How Swearing Makes You Stronger

It might not be big but it could be clever, because cursing can unlock power you never knew you had

Anyone who’s ever cussed – so that’s everyone over the age of about 10 – knows there are few things in life more satisfying than swearing. But new research has discovered that it does more than just release tension or vent anger. Swearing can make you stronger.



What the f*$£? Can this really be true?

In the study, subjects who were given a 30-second cycling challenge increased their peak power by an average of 24 watts when they unleashed profanities. In a separate grip test, cursing increased strength by the equivalent of 2.1kg.


‘There are benefits from swearing,’ says Richard Stephens, a psychologist at Keele University who conducted the study. Each subject was asked to choose a swear word dear to them – one they might use if they banged their head, say – and also picked a neutral word that they might use to describe a table. Wooden, for example.


‘We asked them to repeat the word throughout each test,’ says Stephens. ‘They don’t scream and shout it. They repeat it in an even tone.’ This, folks, is controlled swearing.


Are you sure? Can swearing really be controlled?

One key finding from the research is that people’s heart rates remained constant whether they were cursing or talking carpentry, which Stephens believes is evidence that swearing doesn’t simply trigger the infamous fight or flight response. ‘Quite why swearing has these effects on strength and pain tolerance remains to be discovered,’ he says. ‘We’re not telling people something they don’t already know, but we’re verifying it in a systematic and objective way. I think people instinctively reach for swear words when they hurt themselves and when they’re looking for an extra boost in performance.’

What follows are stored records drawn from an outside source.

(* Let $\Gamma=S(\Lambda,V)$ and let $\sigma\in Z^2(\Gamma,U(1))$ be a 2-cocycle. Then $\sigma$ is cohomologous to a real cocycle, that is, to an element of $Z^2(\Gamma,U(1))$ of the form $\exp(2\pi i\zeta)$ with $\zeta\in Z^2(\Gamma,\mathbb{R})$.
   Context: Let $\mathbb{K}$ be a real quadratic field with real embeddings $\iota_1,\iota_2$. Let $L\subset\mathbb{K}$ be a lattice (free $\mathbb{Z}$-module of rank 2 spanning $\mathbb{K}$), and $V=\epsilon^{\mathbb{Z}}$ the group of totally positive units $u$ with $uL\subset L$, or a finite index subgroup, with $\epsilon=\iota_1(\epsilon)>1$, $\iota_2(\epsilon)=\epsilon^{-1}$. Let $\Lambda=\{(\iota_1(\ell),\iota_2(\ell)):\ell\in L\}\subset\mathbb{R}^2$, $A_\epsilon=\mathrm{diag}(\epsilon,\epsilon^{-1})$, and $S(\Lambda,V)=\Lambda\rtimes\mathbb{Z}$ with product $(\lambda,k)(\eta,r)=(\lambda+A_\epsilon^k\eta,k+r)$. Group cohomology with coefficients in $U(1)$, $\mathbb{R}$, $\mathbb{Z}$ is with trivial action. *)

theory Defs
  imports Complex_Main
begin

text \<open>The real quadratic field K = Q(sqrt d) (d > 1 an integer that is not a perfect square);
  an element a + b sqrt d is represented by the pair (a, b) of rationals.\<close>

type_synonym qf = "rat \<times> rat"

definition kmult :: "int \<Rightarrow> qf \<Rightarrow> qf \<Rightarrow> qf" where
  "kmult d x y = (fst x * fst y + of_int d * snd x * snd y, fst x * snd y + snd x * fst y)"

definition iota1 :: "int \<Rightarrow> qf \<Rightarrow> real" where
  "iota1 d x = real_of_rat (fst x) + real_of_rat (snd x) * sqrt (real_of_int d)"

definition iota2 :: "int \<Rightarrow> qf \<Rightarrow> real" where
  "iota2 d x = real_of_rat (fst x) - real_of_rat (snd x) * sqrt (real_of_int d)"

definition qlattice :: "qf \<Rightarrow> qf \<Rightarrow> qf set" where
  "qlattice w1 w2 = {(of_int m * fst w1 + of_int n * fst w2, of_int m * snd w1 + of_int n * snd w2)
                     | m n :: int. True}"

definition Lam :: "int \<Rightarrow> qf \<Rightarrow> qf \<Rightarrow> (real \<times> real) set" where
  "Lam d w1 w2 = (\<lambda>l. (iota1 d l, iota2 d l)) ` qlattice w1 w2"

definition Aeps :: "real \<Rightarrow> int \<Rightarrow> real \<times> real \<Rightarrow> real \<times> real" where
  "Aeps e k p = (e powi k * fst p, e powi (-k) * snd p)"

text \<open>The group S(Lambda, V) = Lambda \<rtimes> Z: carrier and product.\<close>
definition Scar :: "(real \<times> real) set \<Rightarrow> ((real \<times> real) \<times> int) set" where
  "Scar Lm = {(p, k). p \<in> Lm}"

definition Smul :: "real \<Rightarrow> (real \<times> real) \<times> int \<Rightarrow> (real \<times> real) \<times> int \<Rightarrow> (real \<times> real) \<times> int" where
  "Smul e g h = ((fst (fst g) + fst (Aeps e (snd g) (fst h)),
                 snd (fst g) + snd (Aeps e (snd g) (fst h))), snd g + snd h)"

definition U1_cocycle :: "'g set \<Rightarrow> ('g \<Rightarrow> 'g \<Rightarrow> 'g) \<Rightarrow> ('g \<Rightarrow> 'g \<Rightarrow> complex) \<Rightarrow> bool" where
  "U1_cocycle G mul \<sigma> \<longleftrightarrow>
     (\<forall>g\<in>G. \<forall>h\<in>G. cmod (\<sigma> g h) = 1) \<and>
     (\<forall>g\<in>G. \<forall>h\<in>G. \<forall>k\<in>G. \<sigma> h k * \<sigma> g (mul h k) = \<sigma> (mul g h) k * \<sigma> g h)"

definition real_cocycle :: "'g set \<Rightarrow> ('g \<Rightarrow> 'g \<Rightarrow> 'g) \<Rightarrow> ('g \<Rightarrow> 'g \<Rightarrow> real) \<Rightarrow> bool" where
  "real_cocycle G mul \<zeta> \<longleftrightarrow>
     (\<forall>g\<in>G. \<forall>h\<in>G. \<forall>k\<in>G. \<zeta> h k - \<zeta> (mul g h) k + \<zeta> g (mul h k) - \<zeta> g h = 0)"

definition U1_cohomologous :: "'g set \<Rightarrow> ('g \<Rightarrow> 'g \<Rightarrow> 'g) \<Rightarrow> ('g \<Rightarrow> 'g \<Rightarrow> complex) \<Rightarrow> ('g \<Rightarrow> 'g \<Rightarrow> complex) \<Rightarrow> bool" where
  "U1_cohomologous G mul \<sigma> \<tau> \<longleftrightarrow>
     (\<exists>\<beta>. (\<forall>g\<in>G. cmod (\<beta> g) = 1) \<and>
          (\<forall>g\<in>G. \<forall>h\<in>G. \<sigma> g h = \<tau> g h * (\<beta> g * \<beta> h / \<beta> (mul g h))))"

end

theory Submission
  imports Defs "HOL-Algebra.Group"
begin

text \<open>
  A normalised U(1)-cocycle \<open>\<tau>\<close> is a coboundary as soon as the central extension of
  \<open>\<Gamma> = \<Lambda> \<rtimes> \<int>\<close> by U(1) that it defines has a homomorphic section. Let \<open>x\<^sub>1, x\<^sub>2\<close> be a basis
  of \<open>\<Lambda>\<close>, \<open>M\<close> the integer matrix of \<open>A\<^sub>\<epsilon>\<close> in it, and \<open>u\<close> a lift of the generator of \<open>\<int>\<close>.
  Dividing \<open>\<sigma>\<close> by the constant \<open>\<sigma>(1,1)\<close> and by \<open>exp(2\<pi>i\<zeta>)\<close> for a multiple \<open>\<zeta>\<close> of the real
  cocycle \<open>\<omega>(\<lambda>, A\<^sub>\<epsilon>\<^sup>k \<eta>)\<close>, where \<open>\<omega>\<close> is the (\<open>A\<^sub>\<epsilon>\<close>-invariant) determinant form, makes the
  lifts of \<open>x\<^sub>1\<close> and \<open>x\<^sub>2\<close> commute, so that they generate a lift of \<open>\<Lambda>\<close>. Conjugation by \<open>u\<close>
  acts on this lift through \<open>M\<close> up to central factors \<open>k\<^sub>i\<close>; twisting the lifts of \<open>x\<^sub>i\<close> by
  central elements \<open>l\<^sub>i\<close> removes them once \<open>(M\<^sup>T - 1) l = k\<close>, which is solvable because
  \<open>det (M - 1) = 2 - tr M < 0\<close>. The twisted lift of \<open>\<Lambda>\<close> together with \<open>u\<close> is then a
  homomorphic section.
\<close>

section \<open>Powers in groups\<close>

lemma (in group) conjugation_hom: "u \<in> carrier G \<Longrightarrow> (\<lambda>x. u \<otimes> x \<otimes> inv u) \<in> hom G G"
  by (rule homI) (simp_all add: m_assoc, simp add: m_assoc[symmetric])

lemma (in group) intertwine_int_pow:
  assumes "u \<in> carrier G" "x \<in> carrier G" "y \<in> carrier G" "u \<otimes> x = y \<otimes> u"
  shows "u \<otimes> x [^] (i::int) = y [^] i \<otimes> u"
proof -
  have conj_x: "u \<otimes> x \<otimes> inv u = y"
    using assms by (simp add: inv_solve_right')
  have "u \<otimes> x [^] i \<otimes> inv u = y [^] i"
    using hom_int_pow[OF conjugation_hom[OF assms(1)] assms(2) is_group is_group] conj_x by simp
  then show ?thesis
    using assms by (simp add: inv_solve_right')
qed

lemma (in group) commuting_int_pows:
  assumes "x \<in> carrier G" "y \<in> carrier G" "x \<otimes> y = y \<otimes> x"
  shows "x [^] (i::int) \<otimes> y [^] (j::int) = y [^] j \<otimes> x [^] i"
proof -
  have "y \<otimes> x [^] i = x [^] i \<otimes> y" using intertwine_int_pow[of y x x i] assms by simp
  then show ?thesis using intertwine_int_pow[of "x [^] i" y y j] assms by simp
qed

lemma (in group) int_pow_unique:
  assumes "x \<in> carrier G" "\<And>i. f i \<in> carrier G" "f 0 = \<one>" "\<And>i. f (i + 1) = f i \<otimes> x"
  shows "f i = x [^] (i::int)"
proof (induction i rule: int_induct[where k=0])
  case base then show ?case using assms by simp
next
  case (step1 i)
  then show ?case using assms by (simp add: int_pow_mult)
next
  case (step2 i)
  have "f (i - 1) \<otimes> x = f i" using assms(4)[of "i - 1"] by simp
  then have "f (i - 1) = f i \<otimes> inv x" using assms by (metis inv_solve_right)
  then show ?case using step2 assms by (simp add: int_pow_diff)
qed

lemma (in group) int_pow_intertwine_action:
  assumes u: "u \<in> carrier G"
    and f: "\<And>p. p \<in> P \<Longrightarrow> f p \<in> carrier G"
    and T: "\<And>p k. p \<in> P \<Longrightarrow> T k p \<in> P" "\<And>p. T 0 p = p" "\<And>p i j. T i (T j p) = T (i + j) p"
    and intertwine: "\<And>p. p \<in> P \<Longrightarrow> u \<otimes> f p = f (T 1 p) \<otimes> u"
    and p: "p \<in> P"
  shows "u [^] (k::int) \<otimes> f p = f (T k p) \<otimes> u [^] k"
  using p
proof (induction k arbitrary: p rule: int_induct[where k=0])
  case (step1 i)
  have "u [^] (i + 1) \<otimes> f p = u [^] i \<otimes> f (T 1 p) \<otimes> u"
    using step1.prems by (simp add: int_pow_mult intertwine u f T m_assoc)
  also have "\<dots> = f (T (i + 1) p) \<otimes> u [^] (i + 1)"
    using step1 by (simp add: int_pow_mult u f T m_assoc)
  finally show ?case .
next
  case (step2 i)
  have inv_intertwine: "inv u \<otimes> f p = f (T (- 1) p) \<otimes> inv u"
    using intertwine[of "T (- 1) p"] step2.prems u f T by (simp add: inv_solve_left inv_solve_right m_assoc)
  have "u [^] (i - 1) \<otimes> f p = u [^] i \<otimes> f (T (- 1) p) \<otimes> inv u"
    using step2.prems by (simp add: int_pow_diff inv_intertwine u f T m_assoc)
  also have "\<dots> = f (T (i - 1) p) \<otimes> u [^] (i - 1)"
    using step2 by (simp add: int_pow_diff u f T m_assoc)
  finally show ?case .
qed (simp add: f T)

Why is that? Why don’t we just say ‘fiddlesticks’ or ‘bananas’?

‘If the situation has boundaries and swearing isn’t allowed, people don’t swear,’ top sports psychologist Professor Andy Lane tells RISING. ‘There’s a cultural connotation. MPs don’t swear in the Houses of Parliament, for instance, but if you work on a building site and don’t swear you might be seen as odd. If you play football you’ll probably swear at your teammates to convey a level of importance or at the opposition to show off your aggression. And controlled aggression is important here.’


‘Swearing says, “This is serious to me” and if you tell people you’re taking something seriously you’ve got to do quite well at it’


If that’s the case, wouldn’t just shouting ‘Wooooorgghh!’ like a bad nu-metal band work just as well?

‘Swearing gives the aggression a focus. It says, “This is serious to me. I’m taking this seriously.” And if you tell people you’re taking something seriously you’ve got to do quite well at it, whether it’s cycling or lifting a weight,’ says Lane.



‘Swearing also says you’re so engrossed in what you’re doing that you’ve forgotten the social norms, and that it might be inappropriate. You’re ‘buffering’ pain, which brings us back to the memory of banging your head, and by breaking social rules you’re also telling people you might be really upset. Swearing has a function to say that all is not well – again, this is serious, whereas “fiddlesticks” could be a joke.’


In sporting terms the aim is to raise arousal, which is necessary for explosive performance. Arousal stimulates the heart, quickens the metabolism and increases blood glucose concentration so your muscles can access energy quickly and you’re ready for action. ‘Shouting “Wooooorgghh!” will raise arousal but it may not have the same effect as cursing – unless you condition yourself so it does,’ Lane adds.


Is that what martial artists do when they shout? Is that about increasing arousal to unlock extra power?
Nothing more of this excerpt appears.